The system slows to a standstill — and one sees too much of what’s known on Apple forums as “the whirling beach ball of death.” The wait for the program to implement these changes is measured not in seconds but in minutes. If I want to make a change to an album, I highlight the tracks and go out for a cup of coffee. It takes three to eight minutes for the info window to come up.

My solution, at first, was to get more computing power: in early 2005 I bought a PowerMac G5, loaded it with as much RAM as it would take (4 GB), and more recently bought the fastest internal hard drive that is being made, the 10,000 RPM Western Digital Raptor. The improvement in speed and performance is only slight.

The problem is not the hardware, according to the programmer, designer, and database expert, Steve Albin. It’s the way that the Mac operating system and the iTunes program have been built. The database portion of iTunes uses a foundation of XML programming, which is designed for very simple applications, not thousands of entries with dozens of fields. A superior iTunes would make use of a more robust programming language such as mySQL.

Ultimately, iTunes is at least two programs in one: It’s not just a media player, like QuickTime, but it’s also a database, like FileMaker. It stores the media files themselves as well as the information (the meta-data) that goes with them, and allows you to put them together into playlists or burn them into CDs. It also has a retail component, allowing you to buy tracks from the iT Music Store, thus it’s own version of a web-browser is also built in.

And iTunes was built mostly for people to load music onto their iPods, or maybe throw a few dozen (or even a few hundred) CDs onto their hard drives. It was not built to house entire music collections of 10,000 CDs or more. However, the fact that Apple has now released an 80 GB edition of the iPod is acknowledgement that the company is aware there are a lot of listeners with big collections out there.

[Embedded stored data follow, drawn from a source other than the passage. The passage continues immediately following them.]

theorem expected_linearized_gap_le:
  assumes "N \<ge> 1" "\<nu> > 0" and u: "\<And>\<omega>. \<omega> \<in> space M \<Longrightarrow> u \<omega> \<in> D"
    and \<phi>_nonneg: "\<And>v. v \<in> D \<Longrightarrow> \<phi> v \<ge> 0"
  shows "(\<integral>\<^sup>+\<omega>. ennreal (linearized_gap D \<phi> (mean_gradient (u \<omega>)) (u \<omega>)) \<partial>M)
    \<le> (\<integral>\<^sup>+\<omega>. ennreal (linearized_gap D \<phi> (sample_gradient N \<omega> (u \<omega>)) (u \<omega>)) \<partial>M)
      + ennreal (2 * expectation (\<lambda>\<omega>. L (xi \<omega>)) * diameter D * \<nu>
          + sqrt 3 * \<tau> * diameter D / sqrt (real N) * sqrt (real (covering_number \<nu> (B ` D))))"
proof -
  obtain Err where Err: "integrable M Err" "\<And>\<omega>. 0 \<le> Err \<omega>"
    "\<And>\<omega> u. u \<in> D \<Longrightarrow> norm (mean_gradient u - sample_gradient N \<omega> u) \<le> Err \<omega>"
    "expectation Err \<le> 2 * \<nu> * expectation (\<lambda>\<omega>. L (xi \<omega>))
      + sqrt 3 * \<tau> / sqrt (real N) * sqrt (real (covering_number \<nu> (B ` D)))"
    using uniform_gradient_error[OF assms(1,2)] by blast
  have diameter_nonneg: "0 \<le> diameter D" by (rule diameter_ge_0[OF D_bounded])
  have pointwise: "ennreal (linearized_gap D \<phi> (mean_gradient (u \<omega>)) (u \<omega>))
      \<le> ennreal (linearized_gap D \<phi> (sample_gradient N \<omega> (u \<omega>)) (u \<omega>)) + ennreal (diameter D * Err \<omega>)"
    if "\<omega> \<in> space M" for \<omega>
  proof -
    have "linearized_gap D \<phi> (mean_gradient (u \<omega>)) (u \<omega>)
        \<le> linearized_gap D \<phi> (sample_gradient N \<omega> (u \<omega>)) (u \<omega>)
          + diameter D * norm (mean_gradient (u \<omega>) - sample_gradient N \<omega> (u \<omega>))"
      using linearized_gap_le[OF D_nonempty D_bounded u[OF that] \<phi>_nonneg] .
    also have "\<dots> \<le> linearized_gap D \<phi> (sample_gradient N \<omega> (u \<omega>)) (u \<omega>) + diameter D * Err \<omega>"
      using Err(3)[OF u[OF that]] diameter_nonneg by (intro add_left_mono mult_left_mono)
    finally show ?thesis
      using linearized_gap_nonneg[OF D_bounded u[OF that] \<phi>_nonneg] Err(2)[of \<omega>] diameter_nonneg
      by (simp add: ennreal_leI flip: ennreal_plus)
  qed
  have "Err \<in> borel_measurable M" using Err(1) by measurable
  then have "(\<integral>\<^sup>+\<omega>. ennreal (linearized_gap D \<phi> (mean_gradient (u \<omega>)) (u \<omega>)) \<partial>M)
    \<le> (\<integral>\<^sup>+\<omega>. ennreal (linearized_gap D \<phi> (sample_gradient N \<omega> (u \<omega>)) (u \<omega>)) \<partial>M)
      + (\<integral>\<^sup>+\<omega>. ennreal (diameter D * Err \<omega>) \<partial>M)"
    by (intro nn_integral_le_add pointwise) measurable
  also have "(\<integral>\<^sup>+\<omega>. ennreal (diameter D * Err \<omega>) \<partial>M) = ennreal (diameter D * expectation Err)"
    using Err(1,2) diameter_nonneg by (subst nn_integral_eq_integral) auto
  also have "\<dots> \<le> ennreal (2 * expectation (\<lambda>\<omega>. L (xi \<omega>)) * diameter D * \<nu>
      + sqrt 3 * \<tau> * diameter D / sqrt (real N) * sqrt (real (covering_number \<nu> (B ` D))))"
    using mult_left_mono[OF Err(4) diameter_nonneg] by (intro ennreal_leI) (simp add: algebra_simps)
  finally show ?thesis by (simp add: add_left_mono)
qed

What’s needed is a new iTunes, re-built from the ground up, for the “advanced” music collector. There are different editions of FinalCut and other programs; the less expensive ones are aimed at more casual users, the more expensive ones are geared towards professional film-makers. We need something that might be called “iTunes Pro.” What I would save in time and frustration (and the lack of the spinning beach ball) would be well worth whatever Apple would charge. This would be even more exciting than the iPhone.

What’s more, there should be a professional music storage application for institutional archives. Some day, hopefully not far in the future, the Library of Congress, the Rodgers & Hammerstein Library of Recorded Sound (at Lincoln Center), or the Institute for Jazz Studies, will all make the move to transfer their collections to a hard drive to make their music more accessible. It’s easy to imagine that one such archive could put their whole collection on-line and be accessed by authorized users at another archive, or even at home. But it’s not possible with iTunes set up the way it is right now.

So far no one has developed anything better. As of now, I don’t think that anyone could. Which, at the end of the day, I’m sort of ok with: This is one relationship I want to keep.